Records provided –
****

(* Let $c,h\in\mathbb{N}$ with $c>2(h+1)$, let $\ell=c2^h+1$, let $n\ge\ell$, and let $\underline{\eta}=(\eta_1<\dots<\eta_s)$ be positive integer thresholds whose largest threshold is $\eta_s=2^{h-1}+2$. Then there exists a $c\times n$ binary matrix $\mathbf{R}$, depending only on $n$, $h$, $c$ (hence only on $n,\ell$ and $\eta_s$, not on the other thresholds), such that for all $i,j\in\{0,\dots,n-\ell\}$ with $0<|i-j|<2\ell$, $\underline{\eta}(\mathbf{R}\mathbf{b}_i)\neq\underline{\eta}(\mathbf{R}\mathbf{b}_j)$. (Note $c\approx\ell/(2\eta_s)$.)
   Context: Items are indexed $0,\dots,n-1$; $\mathbf{b}_i\in\{0,1\}^n$ is the burst of length $\ell$ with head $i$ (coordinates $i,\dots,i+\ell-1$ equal to $1$). The SQGT outcome of a nonnegative integer $y$ is $\underline{\eta}(y)=|\{k:\eta_k\le y\}|$, applied entrywise to vectors. *)

theory Defs
  imports Main
begin

definition burst :: "nat \<Rightarrow> nat \<Rightarrow> nat \<Rightarrow> nat \<Rightarrow> nat" where
  "burst n l i k = (if i \<le> k \<and> k < i + l \<and> k < n then 1 else 0)"

definition matvec :: "nat \<Rightarrow> nat \<Rightarrow> (nat \<Rightarrow> nat \<Rightarrow> nat) \<Rightarrow> (nat \<Rightarrow> nat) \<Rightarrow> nat list" where
  "matvec c n R x = map (\<lambda>r. \<Sum>k<n. R r k * x k) [0..<c]"

definition sqgt :: "nat list \<Rightarrow> nat \<Rightarrow> nat" where
  "sqgt eta y = card {k. k < length eta \<and> eta ! k \<le> y}"

definition sqgt_vec :: "nat list \<Rightarrow> nat list \<Rightarrow> nat list" where
  "sqgt_vec eta ys = map (sqgt eta) ys"

end

theory Submission
  imports Defs
begin

text \<open>Let \<open>L = c 2^h + 1\<close> and \<open>V = 2^(h-1) + 1\<close>, one below the largest threshold. We build
  \<open>R\<close> so that every row sums to \<open>V\<close> or \<open>V + 1\<close> over every window of length \<open>L\<close>; the SQGT
  outcome of a row then reveals one bit. For burst head \<open>i\<close> the rows carrying a one form the
  \<open>i\<close>-th entry of a sequence of \<open>2L\<close> distinct subsets of the rows, repeated with period \<open>2L\<close>:
  the empty set followed by the \<open>c\<close> cyclic rotations of the reflected Gray code on \<open>h\<close> bits
  (each word enlarged by the element \<open>h\<close>), and then the complements of these \<open>L\<close> sets.
  The first \<open>L\<close> sets have at most \<open>h + 1 < c/2\<close> elements, so none is the complement of
  another, and heads closer than \<open>2L\<close> get different subsets, hence different outcomes.

  A row can follow an antiperiodic bit sequence \<open>b\<close> with its window sums if the 0/1 row \<open>s\<close>
  solves \<open>s (i + L) - s i = b (i + 1) - b i\<close> with the right first window; this is possible when
  \<open>b\<close> drops from one to zero at most \<open>V\<close> times per period. The Gray code contributes
  \<open>2^(h-1) - 1\<close> such drops to each row, and the joins between rotated copies at most two more.\<close>

section \<open>Descents of a predicate along a list\<close>

fun descents :: "('a \<Rightarrow> bool) \<Rightarrow> 'a list \<Rightarrow> nat" where
  "descents p (x # y # zs) = of_bool (p x \<and> \<not> p y) + descents p (y # zs)"
| "descents p _ = 0"

lemma descents_append:
  "xs \<noteq> [] \<Longrightarrow> ys \<noteq> [] \<Longrightarrow>
    descents p (xs @ ys) = descents p xs + of_bool (p (last xs) \<and> \<not> p (hd ys)) + descents p ys"
  by (induction p xs rule: descents.induct) (auto simp: neq_Nil_conv)

lemma descents_rev: "descents p (rev xs) = descents (\<lambda>x. \<not> p x) xs"
proof (induction p xs rule: descents.induct)
  case (1 p x y zs)
  then show ?case
    using descents_append[of "rev (y # zs)" "[x]" p] by (simp add: last_rev)
qed auto

lemma descents_map: "descents p (map f xs) = descents (p \<circ> f) xs"
  by (induction "p \<circ> f" xs rule: descents.induct) auto

lemma descents_cong: "(\<And>x. x \<in> set xs \<Longrightarrow> p x = q x) \<Longrightarrow> descents p xs = descents q xs"
  by (induction p xs rule: descents.induct) auto

lemma descents_const [simp]: "descents (\<lambda>_. b) xs = 0"
  by (induction "\<lambda>_::'a. b" xs rule: descents.induct) auto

****

Problem details –
Copy all lines above where "drops" is present.

Task solution –
  \<open>b\<close> drops from one to zero at most \<open>V\<close> times per period. The Gray code contributes
  \<open>2^(h-1) - 1\<close> such drops to each row, and the joins between rotated copies at most two more.\<close>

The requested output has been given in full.